Google is using nVidia GPUs. More than that, I'd expect Google to still be something like 90% on nVidia GPUs. You can't really check of course. Maybe I'm an idiot and it's 50%.
But you can see how that works: go to colab.research.google.com. Type in some code ... "!nvidia-smi" for instance. Click on the down arrow next to "connect", and select change runtime type. 3 out of 5 GPU options are nVidia GPUs.
Frankly, unless you rewrite your models you don't really have a choice but using nVidia GPUs, thanks to, ironically, Facebook (authors of pytorch). There is pytorch/XLA automatic translation to TPU but it doesn't work for "big" models. And as a point of advice: you want stuff to work on TPUs? Do what Googlers do: use Jax ( https://github.com/jax-ml/jax ), oh, and look at the commit logs of that repository to get your mind blown btw.
In other words, Google rents out nVidia GPUs to their cloud customers (with the hardware physically present in Google datacenters).

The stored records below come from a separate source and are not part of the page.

(* Let $1<\rho<2$ be real and $Z[\rho]=\{\pm z: z=\sum_{k=0}^n z_k\rho^k,\ n\ge0,\ z_k\in\{0,1\}\}$. If $\lambda>0$ and $\lambda\mathbb{Z}\subset Z[\rho]$, then $\lambda$ and $\rho$ are of the same type (both algebraic or both transcendental). If $\rho$ is algebraic, then $\rho$ and $\lambda$ both lie in the number field $\mathbb{Q}(\rho)$ and are algebraic integers. *)

theory Defs
  imports "HOL-Computational_Algebra.Polynomial" Complex_Main
begin

definition Zrho :: "real \<Rightarrow> real set" where
  "Zrho \<rho> = {x. \<exists>(n::nat) (zs::nat \<Rightarrow> real). (\<forall>k. zs k \<in> {0,1}) \<and>
      (x = (\<Sum>k=0..n. zs k * \<rho> ^ k) \<or> x = - (\<Sum>k=0..n. zs k * \<rho> ^ k))}"

definition subfield_real :: "real set \<Rightarrow> bool" where
  "subfield_real K \<longleftrightarrow> 0 \<in> K \<and> 1 \<in> K \<and>
     (\<forall>x\<in>K. \<forall>y\<in>K. x + y \<in> K \<and> x * y \<in> K) \<and>
     (\<forall>x\<in>K. - x \<in> K) \<and> (\<forall>x\<in>K. x \<noteq> 0 \<longrightarrow> inverse x \<in> K)"

definition rat_adjoin :: "real \<Rightarrow> real set" where
  "rat_adjoin \<rho> = \<Inter>{K. subfield_real K \<and> \<rho> \<in> K}"

end

theory Submission imports Defs "Jordan_Normal_Form.Char_Poly" begin

text \<open>Write \<open>\<lambda> = p(\<rho>)\<close> and \<open>m\<lambda> = q(\<rho>)\<close> with 0/1 digit polynomials \<open>p, q\<close>. For \<open>m\<close>
  large, \<open>q\<close> has a digit above \<open>deg p\<close>, so \<open>q - m p\<close> is a monic integer polynomial vanishing
  at \<open>\<rho>\<close>. So \<open>\<rho>\<close> is always an algebraic integer (the transcendental case never occurs, and
  only \<open>\<rho> \<ge> 0\<close> is needed), and \<open>\<lambda> = p(\<rho>)\<close> lies in \<open>\<int>[\<rho>] \<subseteq> \<rat>(\<rho>)\<close>.
  That \<open>\<int>[\<rho>]\<close> consists of algebraic integers is seen by realising \<open>\<rho>\<close> as an eigenvalue of
  its companion matrix: the eigenvalues of integer matrices sharing a fixed eigenvector form a
  ring, and each is a root of a monic integer characteristic polynomial.\<close>

definition int_mat_eigenvalues :: "nat \<Rightarrow> 'a :: comm_ring_1 vec \<Rightarrow> 'a set" where
  "int_mat_eigenvalues n v =
     {x. \<exists>A \<in> carrier_mat n n. map_mat of_int A *\<^sub>v v = x \<cdot>\<^sub>v v}"

lemma int_mat_eigenvalues_algebraic_int:
  fixes v :: "'a :: field_char_0 vec"
  assumes "x \<in> int_mat_eigenvalues n v" "v \<in> carrier_vec n" "v \<noteq> 0\<^sub>v n"
  shows "algebraic_int x"
proof -
  obtain A where A: "A \<in> carrier_mat n n" "map_mat of_int A *\<^sub>v v = x \<cdot>\<^sub>v v"
    using assms(1) unfolding int_mat_eigenvalues_def by auto
  have A': "map_mat of_int A \<in> carrier_mat n n"
    using A(1) by simp
  have "eigenvalue (map_mat of_int A) x"
    unfolding eigenvalue_def eigenvector_def using assms A by auto
  then have "poly (char_poly (map_mat of_int A)) x = 0"
    using eigenvalue_root_char_poly[OF A'] by blast
  then have "poly (map_poly of_int (char_poly A)) x = 0"
    using of_int_hom.char_poly_hom[OF A(1)] by metis
  moreover have "lead_coeff (char_poly A) = 1"
    using degree_monic_char_poly[OF A(1)] by simp
  ultimately show ?thesis
    unfolding algebraic_int_altdef_ipoly by blast
qed

lemma int_mat_eigenvalues_zero:
  assumes "v \<in> carrier_vec n"
  shows "0 \<in> int_mat_eigenvalues n v"
proof -
  have "map_mat of_int (0\<^sub>m n n) *\<^sub>v v = 0 \<cdot>\<^sub>v v"
    using assms by (intro eq_vecI) (auto simp: scalar_prod_def)
  then show ?thesis
    unfolding int_mat_eigenvalues_def by (intro CollectI bexI[of _ "0\<^sub>m n n"]) auto
qed

lemma int_mat_eigenvalues_one:
  assumes "v \<in> carrier_vec n"
  shows "1 \<in> int_mat_eigenvalues n v"
  unfolding int_mat_eigenvalues_def using assms
  by (intro CollectI bexI[of _ "1\<^sub>m n"]) (auto simp: of_int_hom.mat_hom_one)

lemma int_mat_eigenvalues_add:
  assumes "x \<in> int_mat_eigenvalues n v" "y \<in> int_mat_eigenvalues n v" "v \<in> carrier_vec n"
  shows "x + y \<in> int_mat_eigenvalues n v"
proof -
  obtain A where A: "A \<in> carrier_mat n n" "map_mat of_int A *\<^sub>v v = x \<cdot>\<^sub>v v"
    using assms(1) unfolding int_mat_eigenvalues_def by auto
  obtain B where B: "B \<in> carrier_mat n n" "map_mat of_int B *\<^sub>v v = y \<cdot>\<^sub>v v"
    using assms(2) unfolding int_mat_eigenvalues_def by auto
  have hom: "map_mat of_int (A + B) = map_mat of_int A + map_mat of_int B"
    using A B by (intro eq_matI) auto
  have "map_mat of_int (A + B) *\<^sub>v v = x \<cdot>\<^sub>v v + y \<cdot>\<^sub>v v"
    unfolding hom using A B assms(3) by (subst add_mult_distrib_mat_vec[of _ n n]) auto
  also have "\<dots> = (x + y) \<cdot>\<^sub>v v"
    by (simp add: add_smult_distrib_vec)
  finally show ?thesis
    unfolding int_mat_eigenvalues_def using A B by auto
qed

lemma int_mat_eigenvalues_mult:
  fixes v :: "'a :: field vec"
  assumes "x \<in> int_mat_eigenvalues n v" "y \<in> int_mat_eigenvalues n v" "v \<in> carrier_vec n"
  shows "x * y \<in> int_mat_eigenvalues n v"
proof -
  obtain A where A: "A \<in> carrier_mat n n" "map_mat of_int A *\<^sub>v v = x \<cdot>\<^sub>v v"
    using assms(1) unfolding int_mat_eigenvalues_def by auto
  obtain B where B: "B \<in> carrier_mat n n" "map_mat of_int B *\<^sub>v v = y \<cdot>\<^sub>v v"
    using assms(2) unfolding int_mat_eigenvalues_def by auto
  have "map_mat of_int (A * B) *\<^sub>v v = map_mat of_int A *\<^sub>v (y \<cdot>\<^sub>v v)"
    unfolding of_int_hom.mat_hom_mult[OF A(1) B(1)] using A B assms(3)
    by (subst assoc_mult_mat_vec[of _ n n _ n]) auto
  also have "\<dots> = y \<cdot>\<^sub>v (map_mat of_int A *\<^sub>v v)"
    using A(1) assms(3) by (intro mult_mat_vec[of _ n n]) auto
  also have "\<dots> = y \<cdot>\<^sub>v (x \<cdot>\<^sub>v v)"
    unfolding A(2) ..
  also have "\<dots> = (x * y) \<cdot>\<^sub>v v"
    by (simp add: smult_smult_assoc mult.commute)
  finally show ?thesis
    unfolding int_mat_eigenvalues_def using A B by (auto intro!: bexI[of _ "A * B"])
qed

lemma companion_eigenvalue:
  fixes a :: "nat \<Rightarrow> int" and \<rho> :: "'a :: comm_ring_1"
  assumes "d \<ge> 1" and root: "\<rho> ^ d = (\<Sum>i<d. of_int (a i) * \<rho> ^ i)"
  shows "\<rho> \<in> int_mat_eigenvalues d (vec d (\<lambda>i. \<rho> ^ i))"
proof -
  define C where "C = mat d d (\<lambda>(i, j). if i = d - 1 then a j else if j = i + 1 then 1 else 0)"
  have C: "C \<in> carrier_mat d d"
    unfolding C_def by auto
  have "(\<Sum>j<d. of_int (C $$ (i, j)) * \<rho> ^ j) = \<rho> * \<rho> ^ i" if i: "i < d" for i
  proof (cases "i = d - 1")
    case True
    then have "(\<Sum>j<d. of_int (C $$ (i, j)) * \<rho> ^ j) = \<rho> ^ d"
      using i by (simp add: root C_def)
    also have "\<dots> = \<rho> * \<rho> ^ i"
      using True assms(1) by (cases d) auto
    finally show ?thesis .
  next
    case False
    then have "(\<Sum>j<d. of_int (C $$ (i, j)) * \<rho> ^ j) = (\<Sum>j<d. if j = i + 1 then \<rho> ^ j else 0)"
      using i by (intro sum.cong) (auto simp: C_def)
    also have "\<dots> = \<rho> * \<rho> ^ i"
      using False i by simp
    finally show ?thesis .
  qed
  then have "map_mat of_int C *\<^sub>v vec d (\<lambda>i. \<rho> ^ i) = \<rho> \<cdot>\<^sub>v vec d (\<lambda>i. \<rho> ^ i)"
    using C by (intro eq_vecI) (auto simp: scalar_prod_def atLeast0LessThan)
  then show ?thesis
    unfolding int_mat_eigenvalues_def using C by blast
qed

lemma zero_one_poly_mem:
  fixes \<rho> :: "'a :: semiring_1"
  assumes "0 \<in> S" "1 \<in> S" "\<rho> \<in> S"
    and "\<And>x y. x \<in> S \<Longrightarrow> y \<in> S \<Longrightarrow> x + y \<in> S"
    and "\<And>x y. x \<in> S \<Longrightarrow> y \<in> S \<Longrightarrow> x * y \<in> S"
    and "\<forall>k. zs k \<in> {0, 1}"
  shows "(\<Sum>k=0..n. zs k * \<rho> ^ k) \<in> S"
proof -
  have "\<rho> ^ k \<in> S" for k
    using assms by (induction k) auto
  then have summand: "zs k * \<rho> ^ k \<in> S" for k
    using assms(1,6) by (cases "zs k = 0") auto
  show ?thesis
  proof (induction n)
    case 0
    show ?case
      using summand[of 0] by simp
  next
    case (Suc n)
    then show ?case
      using summand[of "Suc n"] assms(4) by simp
  qed
qed

lemma rat_adjoin_self: "\<rho> \<in> rat_adjoin \<rho>"
  unfolding rat_adjoin_def by auto

lemma zero_one_poly_in_rat_adjoin:
  assumes "\<forall>k. zs k \<in> {0, 1}"
  shows "(\<Sum>k=0..n. zs k * \<rho> ^ k) \<in> rat_adjoin \<rho>"
  unfolding rat_adjoin_def
  by (intro InterI, rule zero_one_poly_mem) (use assms in \<open>auto simp: subfield_real_def\<close>)

lemma zero_one_poly_bounds:
  fixes \<rho> :: real
  assumes "0 \<le> \<rho>" "\<forall>k. zs k \<in> {0, 1}"
  shows "0 \<le> (\<Sum>k=0..n. zs k * \<rho> ^ k)" "(\<Sum>k=0..n. zs k * \<rho> ^ k) \<le> (\<Sum>k=0..n. \<rho> ^ k)"
proof -
  have "0 \<le> zs k * \<rho> ^ k \<and> zs k * \<rho> ^ k \<le> \<rho> ^ k" for k
    using assms by (cases "zs k = 0") auto
  then show "0 \<le> (\<Sum>k=0..n. zs k * \<rho> ^ k)" "(\<Sum>k=0..n. zs k * \<rho> ^ k) \<le> (\<Sum>k=0..n. \<rho> ^ k)"
    by (auto intro: sum_nonneg sum_mono)
qed

lemma Zrho_pos_imp_zero_one_poly:
  assumes "x \<in> Zrho \<rho>" "0 < x" "0 \<le> \<rho>"
  obtains n zs where "\<forall>k. zs k \<in> {0, 1}" "x = (\<Sum>k=0..n. zs k * \<rho> ^ k)"
proof -
  obtain n zs where zs: "\<forall>k. zs k \<in> {0, 1}"
    and x: "x = (\<Sum>k=0..n. zs k * \<rho> ^ k) \<or> x = - (\<Sum>k=0..n. zs k * \<rho> ^ k)"
    using assms(1) unfolding Zrho_def by auto
  then show ?thesis
    using that zero_one_poly_bounds(1)[OF assms(3) zs, of n] assms(2) by force
qed

lemma zero_one_poly_split_top_digit:
  fixes \<rho> :: real
  assumes "0 \<le> \<rho>" and zs: "\<forall>k. zs k \<in> {0, 1}"
    and large: "(\<Sum>k=0..n0. \<rho> ^ k) < (\<Sum>k=0..n. zs k * \<rho> ^ k)"
  obtains j where "n0 < j" "(\<Sum>k=0..n. zs k * \<rho> ^ k) = (\<Sum>k<j. zs k * \<rho> ^ k) + \<rho> ^ j"
proof -
  define D where "D = {k \<in> {0..n}. zs k = 1}"
  have "D \<noteq> {}"
  proof
    assume "D = {}"
    then have "zs k = 0" if "k \<le> n" for k
      using that zs unfolding D_def by auto
    then show False
      using large zero_one_poly_bounds(1)[OF assms(1), of "\<lambda>_. 1" n0] by simp
  qed
  define j where "j = Max D"
  have j: "j \<le> n" "zs j = 1" and above_j: "\<And>k. k \<le> n \<Longrightarrow> j < k \<Longrightarrow> zs k = 0"
    using Max_in[of D] Max_ge[of D] \<open>D \<noteq> {}\<close> zs unfolding j_def D_def
    by (fastforce, fastforce, force)
  have upto_j: "(\<Sum>k=0..n. zs k * \<rho> ^ k) = (\<Sum>k=0..j. zs k * \<rho> ^ k)"
    using j(1) above_j by (intro sum.mono_neutral_right) auto
  have "n0 < j"
  proof (rule ccontr)
    assume "\<not> n0 < j"
    then have "(\<Sum>k=0..j. \<rho> ^ k) \<le> (\<Sum>k=0..n0. \<rho> ^ k)"
      using assms(1) by (intro sum_mono2) auto
    then show False
      using large upto_j zero_one_poly_bounds(2)[OF assms(1) zs, of j] by linarith
  qed
  moreover have "(\<Sum>k=0..j. zs k * \<rho> ^ k) = (\<Sum>k<j. zs k * \<rho> ^ k) + \<rho> ^ j"
    using j(2) by (simp add: atLeast0AtMost lessThan_Suc_atMost[symmetric])
  ultimately show ?thesis
    using that upto_j by simp
qed

lemma of_int_floor_zero_one:
  fixes z :: "'a :: floor_ceiling"
  shows "z \<in> {0, 1} \<Longrightarrow> of_int \<lfloor>z\<rfloor> = z"
  by auto

lemma Zrho_multiples_imp_monic_relation:
  fixes \<rho> lam :: real
  assumes "0 \<le> \<rho>" "0 < lam" "\<And>m :: nat. lam * real m \<in> Zrho \<rho>"
    and zs0: "\<forall>k. zs0 k \<in> {0, 1}" and lam: "lam = (\<Sum>k=0..n0. zs0 k * \<rho> ^ k)"
  obtains d and a :: "nat \<Rightarrow> int" where "d \<ge> 1" "\<rho> ^ d = (\<Sum>i<d. of_int (a i) * \<rho> ^ i)"
proof -
  obtain m :: nat where m: "(\<Sum>k=0..n0. \<rho> ^ k) < lam * real m"
    using reals_Archimedean3[OF assms(2)] by (auto simp: mult.commute)
  moreover have "0 \<le> (\<Sum>k=0..n0. \<rho> ^ k)"
    using assms(1) by (simp add: sum_nonneg)
  ultimately have "0 < lam * real m"
    by linarith
  then obtain n zs where zs: "\<forall>k. zs k \<in> {0, 1}"
    and mlam: "lam * real m = (\<Sum>k=0..n. zs k * \<rho> ^ k)"
    using Zrho_pos_imp_zero_one_poly[OF assms(3) _ assms(1)] by blast
  obtain j where "n0 < j" and split: "lam * real m = (\<Sum>k<j. zs k * \<rho> ^ k) + \<rho> ^ j"
    using zero_one_poly_split_top_digit[OF assms(1) zs] m unfolding mlam by blast
  define b where "b i = (if i \<le> n0 then zs0 i else 0)" for i
  have "(\<Sum>i<j. b i * \<rho> ^ i) = (\<Sum>i<j. if i \<le> n0 then zs0 i * \<rho> ^ i else 0)"
    unfolding b_def by (intro sum.cong) auto
  also have "\<dots> = (\<Sum>i \<in> {..<j} \<inter> {i. i \<le> n0}. zs0 i * \<rho> ^ i)"
    by (simp add: sum.inter_restrict)
  also have "{..<j} \<inter> {i. i \<le> n0} = {0..n0}"
    using \<open>n0 < j\<close> by auto
  finally have "lam = (\<Sum>i<j. b i * \<rho> ^ i)"
    unfolding lam ..
  with split have "\<rho> ^ j = (\<Sum>i<j. (real m * b i - zs i) * \<rho> ^ i)"
    by (simp add: algebra_simps sum_subtractf sum_distrib_left)
  moreover have "b i \<in> {0, 1}" "zs i \<in> {0, 1}" for i
    using zs0 zs unfolding b_def by auto
  then have "real m * b i - zs i = of_int (int m * \<lfloor>b i\<rfloor> - \<lfloor>zs i\<rfloor>)" for i
    by (simp add: of_int_floor_zero_one)
  ultimately have "\<rho> ^ j = (\<Sum>i<j. of_int (int m * \<lfloor>b i\<rfloor> - \<lfloor>zs i\<rfloor>) * \<rho> ^ i)"
    by simp
  then show ?thesis
    using \<open>n0 < j\<close> by (intro that[of j "\<lambda>i. int m * \<lfloor>b i\<rfloor> - \<lfloor>zs i\<rfloor>"]) simp_all
qed

theorem mainTheorem13:
  fixes \<rho> lam :: real
  assumes "1 < \<rho>" and "\<rho> < 2"
    and "lam > 0"
    and "(%m. lam * m) ` \<int> \<subseteq> Zrho \<rho>"
  shows "(algebraic lam \<longleftrightarrow> algebraic \<rho>) \<and>
         (algebraic \<rho> \<longrightarrow> \<rho> \<in> rat_adjoin \<rho> \<and> lam \<in> rat_adjoin \<rho> \<and>
             algebraic_int \<rho> \<and> algebraic_int lam)"
proof -
  have \<rho>: "0 \<le> \<rho>"
    using assms(1) by simp
  have multiples: "lam * real m \<in> Zrho \<rho>" for m :: nat
    using assms(4) by (metis Ints_of_nat image_subset_iff)
  have "lam \<in> Zrho \<rho>"
    using multiples[of 1] by simp
  then obtain n0 zs0 where zs0: "\<forall>k. zs0 k \<in> {0, 1}" and lam: "lam = (\<Sum>k=0..n0. zs0 k * \<rho> ^ k)"
    using Zrho_pos_imp_zero_one_poly[OF _ assms(3) \<rho>] by blast
  obtain d a where "d \<ge> 1" "\<rho> ^ d = (\<Sum>i<d. of_int (a i) * \<rho> ^ i)"
    using Zrho_multiples_imp_monic_relation[OF \<rho> assms(3) multiples zs0 lam] .
  define v where "v = vec d (\<lambda>i. \<rho> ^ i)"
  have v: "v \<in> carrier_vec d" "v \<noteq> 0\<^sub>v d"
    using \<open>d \<ge> 1\<close> unfolding v_def by (auto simp: vec_eq_iff intro!: exI[of _ 0])
  have \<rho>_eig: "\<rho> \<in> int_mat_eigenvalues d v"
    unfolding v_def by (rule companion_eigenvalue) fact+
  have "lam \<in> int_mat_eigenvalues d v"
    unfolding lam using \<rho>_eig zs0 v(1)
    by (intro zero_one_poly_mem int_mat_eigenvalues_zero int_mat_eigenvalues_one
        int_mat_eigenvalues_add int_mat_eigenvalues_mult)
  then have "algebraic_int \<rho>" "algebraic_int lam"
    using \<rho>_eig int_mat_eigenvalues_algebraic_int[OF _ v] by auto
  moreover have "lam \<in> rat_adjoin \<rho>"
    unfolding lam by (rule zero_one_poly_in_rat_adjoin[OF zs0])
  ultimately show ?thesis
    using rat_adjoin_self by auto
qed

end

> Frankly, unless you rewrite your models you don't really have a choice but using nVidia GPUs, thanks to, ironically, Facebook (authors of pytorch). There is pytorch/XLA automatic translation to TPU but it doesn't work for "big" models. And as a point of advice: you want stuff to work on TPUs?
I don't understand what you mean, most models aren't anywhere near big in terms of code complexity, once you have the efficient primitives to build on (like you have an efficient hardware-accerated matmul, backprop, flash attention, etc.) these models are in the sub-thousand LoC territory and you can even vibe-convert from one environment to another.
That's kind of a shock to realize how simple the logic behind LLMs is.
I still agree with you, Google is most likely still using Nvidia chips in addition to TPUs.